Information provided:
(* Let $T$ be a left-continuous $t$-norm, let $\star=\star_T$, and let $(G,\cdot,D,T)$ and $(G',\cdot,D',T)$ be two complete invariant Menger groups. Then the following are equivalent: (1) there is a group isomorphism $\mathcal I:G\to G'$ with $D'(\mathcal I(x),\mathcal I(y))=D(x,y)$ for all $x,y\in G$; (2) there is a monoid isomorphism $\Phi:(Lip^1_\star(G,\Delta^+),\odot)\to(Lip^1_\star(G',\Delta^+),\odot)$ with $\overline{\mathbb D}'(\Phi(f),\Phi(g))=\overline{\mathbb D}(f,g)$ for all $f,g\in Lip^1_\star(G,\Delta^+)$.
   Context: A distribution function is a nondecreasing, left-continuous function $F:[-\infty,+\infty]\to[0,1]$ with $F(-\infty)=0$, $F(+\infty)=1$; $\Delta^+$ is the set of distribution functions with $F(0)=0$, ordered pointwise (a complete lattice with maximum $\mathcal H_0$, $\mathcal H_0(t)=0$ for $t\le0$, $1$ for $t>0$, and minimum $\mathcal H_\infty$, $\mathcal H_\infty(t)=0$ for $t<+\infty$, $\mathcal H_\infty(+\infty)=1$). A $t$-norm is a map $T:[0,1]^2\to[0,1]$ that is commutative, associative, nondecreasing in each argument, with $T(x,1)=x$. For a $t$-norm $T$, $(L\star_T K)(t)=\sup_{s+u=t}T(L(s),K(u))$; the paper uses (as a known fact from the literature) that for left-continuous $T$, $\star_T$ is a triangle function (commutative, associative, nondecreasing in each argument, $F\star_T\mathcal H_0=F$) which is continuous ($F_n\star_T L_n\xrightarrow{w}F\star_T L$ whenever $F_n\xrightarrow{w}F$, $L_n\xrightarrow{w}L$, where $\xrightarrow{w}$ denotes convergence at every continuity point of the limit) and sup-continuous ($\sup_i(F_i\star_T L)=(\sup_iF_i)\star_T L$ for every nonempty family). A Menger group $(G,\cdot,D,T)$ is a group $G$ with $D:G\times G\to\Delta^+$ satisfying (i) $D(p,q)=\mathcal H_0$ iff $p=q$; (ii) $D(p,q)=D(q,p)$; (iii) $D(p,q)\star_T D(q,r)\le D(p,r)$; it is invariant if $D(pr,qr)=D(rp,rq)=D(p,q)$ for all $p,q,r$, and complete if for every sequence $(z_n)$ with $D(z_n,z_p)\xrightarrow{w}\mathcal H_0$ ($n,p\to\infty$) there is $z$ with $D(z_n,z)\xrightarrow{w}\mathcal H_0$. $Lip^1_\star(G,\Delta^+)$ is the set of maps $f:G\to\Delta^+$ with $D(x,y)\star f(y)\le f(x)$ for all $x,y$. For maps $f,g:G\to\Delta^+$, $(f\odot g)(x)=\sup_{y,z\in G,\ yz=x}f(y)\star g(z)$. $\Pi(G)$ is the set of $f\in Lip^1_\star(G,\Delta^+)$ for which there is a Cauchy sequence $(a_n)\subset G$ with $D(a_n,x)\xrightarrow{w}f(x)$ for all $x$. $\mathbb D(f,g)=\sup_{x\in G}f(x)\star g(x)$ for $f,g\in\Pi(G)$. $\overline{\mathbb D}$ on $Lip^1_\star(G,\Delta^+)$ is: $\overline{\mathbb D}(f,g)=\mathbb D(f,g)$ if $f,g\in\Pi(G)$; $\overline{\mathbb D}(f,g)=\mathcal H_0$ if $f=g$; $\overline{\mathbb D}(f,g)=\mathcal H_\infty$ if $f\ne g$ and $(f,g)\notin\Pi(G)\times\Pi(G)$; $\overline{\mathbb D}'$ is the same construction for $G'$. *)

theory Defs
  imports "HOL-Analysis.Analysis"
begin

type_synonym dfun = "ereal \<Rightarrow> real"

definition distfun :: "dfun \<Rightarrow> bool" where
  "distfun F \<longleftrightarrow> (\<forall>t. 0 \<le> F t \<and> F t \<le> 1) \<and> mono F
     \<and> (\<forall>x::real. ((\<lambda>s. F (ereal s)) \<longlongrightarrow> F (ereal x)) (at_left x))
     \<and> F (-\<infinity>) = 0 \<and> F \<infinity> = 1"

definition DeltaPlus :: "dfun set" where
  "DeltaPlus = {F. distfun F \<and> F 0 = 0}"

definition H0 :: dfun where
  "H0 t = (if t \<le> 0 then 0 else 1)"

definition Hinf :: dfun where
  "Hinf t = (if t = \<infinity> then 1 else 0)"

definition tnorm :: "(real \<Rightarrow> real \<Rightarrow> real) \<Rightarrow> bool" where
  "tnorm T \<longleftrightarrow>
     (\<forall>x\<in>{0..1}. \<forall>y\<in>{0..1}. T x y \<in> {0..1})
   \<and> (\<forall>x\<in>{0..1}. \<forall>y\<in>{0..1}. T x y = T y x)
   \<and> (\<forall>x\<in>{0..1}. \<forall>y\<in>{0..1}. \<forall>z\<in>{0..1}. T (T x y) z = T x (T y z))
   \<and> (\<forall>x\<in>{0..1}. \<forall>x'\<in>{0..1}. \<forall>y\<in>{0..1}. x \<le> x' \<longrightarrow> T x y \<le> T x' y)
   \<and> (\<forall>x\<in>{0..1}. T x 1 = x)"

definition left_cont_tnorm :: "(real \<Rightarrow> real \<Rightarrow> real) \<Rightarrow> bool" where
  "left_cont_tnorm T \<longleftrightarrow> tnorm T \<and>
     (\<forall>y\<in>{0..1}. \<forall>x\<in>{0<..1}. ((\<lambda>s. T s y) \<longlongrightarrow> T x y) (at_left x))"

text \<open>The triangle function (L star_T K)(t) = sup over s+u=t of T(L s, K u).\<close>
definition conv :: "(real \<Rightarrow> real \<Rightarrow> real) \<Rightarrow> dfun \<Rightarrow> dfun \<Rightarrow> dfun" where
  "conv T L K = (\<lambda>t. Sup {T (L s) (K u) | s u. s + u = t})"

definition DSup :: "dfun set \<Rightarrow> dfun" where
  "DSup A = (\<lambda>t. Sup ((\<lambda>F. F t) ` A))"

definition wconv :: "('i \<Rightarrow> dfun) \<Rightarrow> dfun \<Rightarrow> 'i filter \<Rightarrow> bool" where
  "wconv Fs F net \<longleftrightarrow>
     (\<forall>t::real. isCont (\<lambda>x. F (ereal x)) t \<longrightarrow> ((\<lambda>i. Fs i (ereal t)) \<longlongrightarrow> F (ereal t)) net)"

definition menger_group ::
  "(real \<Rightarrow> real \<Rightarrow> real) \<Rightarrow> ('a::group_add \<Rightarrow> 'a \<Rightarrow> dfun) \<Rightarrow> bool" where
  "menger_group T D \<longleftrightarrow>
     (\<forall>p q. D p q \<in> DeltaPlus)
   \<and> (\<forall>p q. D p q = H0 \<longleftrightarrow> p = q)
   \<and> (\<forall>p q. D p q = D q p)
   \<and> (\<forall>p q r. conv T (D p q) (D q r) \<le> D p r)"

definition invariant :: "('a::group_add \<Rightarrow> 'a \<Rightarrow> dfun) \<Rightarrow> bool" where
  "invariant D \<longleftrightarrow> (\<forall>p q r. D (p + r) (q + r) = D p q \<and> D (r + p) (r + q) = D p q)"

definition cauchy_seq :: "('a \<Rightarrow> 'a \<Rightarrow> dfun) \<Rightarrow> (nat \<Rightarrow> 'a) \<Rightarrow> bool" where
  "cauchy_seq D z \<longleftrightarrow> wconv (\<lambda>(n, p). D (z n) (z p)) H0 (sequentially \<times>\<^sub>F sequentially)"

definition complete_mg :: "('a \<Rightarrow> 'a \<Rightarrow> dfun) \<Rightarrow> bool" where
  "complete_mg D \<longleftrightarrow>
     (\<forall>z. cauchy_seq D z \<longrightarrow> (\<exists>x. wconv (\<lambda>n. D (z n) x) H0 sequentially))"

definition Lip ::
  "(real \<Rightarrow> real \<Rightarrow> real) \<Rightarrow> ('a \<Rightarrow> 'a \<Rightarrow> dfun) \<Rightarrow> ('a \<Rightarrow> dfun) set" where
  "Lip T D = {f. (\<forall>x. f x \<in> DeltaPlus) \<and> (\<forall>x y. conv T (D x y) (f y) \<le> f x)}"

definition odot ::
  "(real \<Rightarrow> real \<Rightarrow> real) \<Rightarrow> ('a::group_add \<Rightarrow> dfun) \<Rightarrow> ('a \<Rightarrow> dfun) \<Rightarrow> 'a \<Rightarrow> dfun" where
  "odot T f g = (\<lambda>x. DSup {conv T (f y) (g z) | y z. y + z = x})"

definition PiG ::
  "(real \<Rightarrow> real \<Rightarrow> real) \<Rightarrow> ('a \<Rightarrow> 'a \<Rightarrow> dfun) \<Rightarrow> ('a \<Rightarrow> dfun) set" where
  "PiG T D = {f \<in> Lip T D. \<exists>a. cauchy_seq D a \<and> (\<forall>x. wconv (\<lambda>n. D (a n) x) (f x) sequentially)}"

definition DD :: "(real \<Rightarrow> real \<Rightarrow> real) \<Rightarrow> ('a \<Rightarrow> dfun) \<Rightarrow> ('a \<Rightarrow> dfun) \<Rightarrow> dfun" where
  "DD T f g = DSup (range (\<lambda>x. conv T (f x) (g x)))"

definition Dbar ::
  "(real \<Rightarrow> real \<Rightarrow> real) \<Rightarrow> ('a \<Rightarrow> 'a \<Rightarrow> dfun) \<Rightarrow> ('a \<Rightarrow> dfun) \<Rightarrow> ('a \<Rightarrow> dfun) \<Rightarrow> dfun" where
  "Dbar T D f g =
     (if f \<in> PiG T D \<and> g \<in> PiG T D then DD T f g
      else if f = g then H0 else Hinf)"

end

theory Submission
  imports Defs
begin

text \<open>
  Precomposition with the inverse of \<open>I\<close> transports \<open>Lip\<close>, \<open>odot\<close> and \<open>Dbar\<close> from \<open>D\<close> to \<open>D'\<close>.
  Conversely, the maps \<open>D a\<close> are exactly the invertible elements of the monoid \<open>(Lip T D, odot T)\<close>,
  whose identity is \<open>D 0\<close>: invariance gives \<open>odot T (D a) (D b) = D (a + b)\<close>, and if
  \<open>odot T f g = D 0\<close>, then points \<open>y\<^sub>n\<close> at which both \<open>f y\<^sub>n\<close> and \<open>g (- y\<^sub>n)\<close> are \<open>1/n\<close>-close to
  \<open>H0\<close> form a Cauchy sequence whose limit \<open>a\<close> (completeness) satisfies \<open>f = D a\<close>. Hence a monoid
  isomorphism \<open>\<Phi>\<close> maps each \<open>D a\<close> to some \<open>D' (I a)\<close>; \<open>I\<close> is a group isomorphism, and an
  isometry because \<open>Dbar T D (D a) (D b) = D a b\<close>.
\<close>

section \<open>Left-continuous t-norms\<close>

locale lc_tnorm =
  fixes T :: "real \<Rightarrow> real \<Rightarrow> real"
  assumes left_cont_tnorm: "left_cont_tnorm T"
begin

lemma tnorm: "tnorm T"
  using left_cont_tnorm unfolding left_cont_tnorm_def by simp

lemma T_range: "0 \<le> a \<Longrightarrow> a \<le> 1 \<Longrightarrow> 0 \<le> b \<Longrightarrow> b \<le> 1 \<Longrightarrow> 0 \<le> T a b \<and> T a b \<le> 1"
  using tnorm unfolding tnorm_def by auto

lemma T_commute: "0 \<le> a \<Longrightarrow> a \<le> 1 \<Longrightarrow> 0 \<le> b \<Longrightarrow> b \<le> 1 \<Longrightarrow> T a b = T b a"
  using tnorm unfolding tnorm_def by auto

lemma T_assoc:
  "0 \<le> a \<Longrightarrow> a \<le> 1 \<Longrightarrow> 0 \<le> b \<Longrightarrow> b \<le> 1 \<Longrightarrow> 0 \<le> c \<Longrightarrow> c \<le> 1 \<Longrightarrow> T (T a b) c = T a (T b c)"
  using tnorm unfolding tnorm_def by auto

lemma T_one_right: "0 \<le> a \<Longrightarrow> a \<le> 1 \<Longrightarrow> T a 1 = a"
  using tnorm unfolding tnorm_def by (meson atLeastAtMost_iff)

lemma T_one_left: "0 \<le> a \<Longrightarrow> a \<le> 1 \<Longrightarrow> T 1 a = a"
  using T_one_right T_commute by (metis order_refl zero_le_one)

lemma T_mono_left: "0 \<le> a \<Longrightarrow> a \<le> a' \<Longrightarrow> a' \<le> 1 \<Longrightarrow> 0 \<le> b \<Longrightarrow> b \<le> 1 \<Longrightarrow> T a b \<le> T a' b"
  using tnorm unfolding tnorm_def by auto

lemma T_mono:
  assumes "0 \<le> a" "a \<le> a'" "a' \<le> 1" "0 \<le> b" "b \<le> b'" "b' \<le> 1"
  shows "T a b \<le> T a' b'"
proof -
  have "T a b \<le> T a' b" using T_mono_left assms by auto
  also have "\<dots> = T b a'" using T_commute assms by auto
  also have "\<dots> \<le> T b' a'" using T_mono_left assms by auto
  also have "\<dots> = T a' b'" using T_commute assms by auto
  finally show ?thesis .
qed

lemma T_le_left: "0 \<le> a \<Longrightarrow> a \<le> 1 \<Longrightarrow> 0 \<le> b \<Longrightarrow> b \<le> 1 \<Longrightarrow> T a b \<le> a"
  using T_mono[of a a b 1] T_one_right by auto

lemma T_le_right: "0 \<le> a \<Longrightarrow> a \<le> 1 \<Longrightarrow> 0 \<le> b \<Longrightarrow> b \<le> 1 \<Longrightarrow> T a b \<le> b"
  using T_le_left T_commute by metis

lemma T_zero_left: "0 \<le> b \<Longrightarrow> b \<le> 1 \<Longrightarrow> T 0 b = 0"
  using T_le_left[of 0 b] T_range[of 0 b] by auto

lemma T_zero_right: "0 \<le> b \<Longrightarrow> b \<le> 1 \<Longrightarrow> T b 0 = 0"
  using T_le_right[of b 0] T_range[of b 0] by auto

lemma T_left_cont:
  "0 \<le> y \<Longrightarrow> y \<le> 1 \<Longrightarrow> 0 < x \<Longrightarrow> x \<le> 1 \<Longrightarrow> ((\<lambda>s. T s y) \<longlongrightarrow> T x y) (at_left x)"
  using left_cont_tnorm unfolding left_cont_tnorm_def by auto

Work to be completed:
Using the data above, transcribe the lines that run from the line with "A = (\<lambda>t." to the line with "F net \<longleftrightarrow>", both ends kept, and output nothing else.

Response below:
  "DSup A = (\<lambda>t. Sup ((\<lambda>F. F t) ` A))"

definition wconv :: "('i \<Rightarrow> dfun) \<Rightarrow> dfun \<Rightarrow> 'i filter \<Rightarrow> bool" where
  "wconv Fs F net \<longleftrightarrow>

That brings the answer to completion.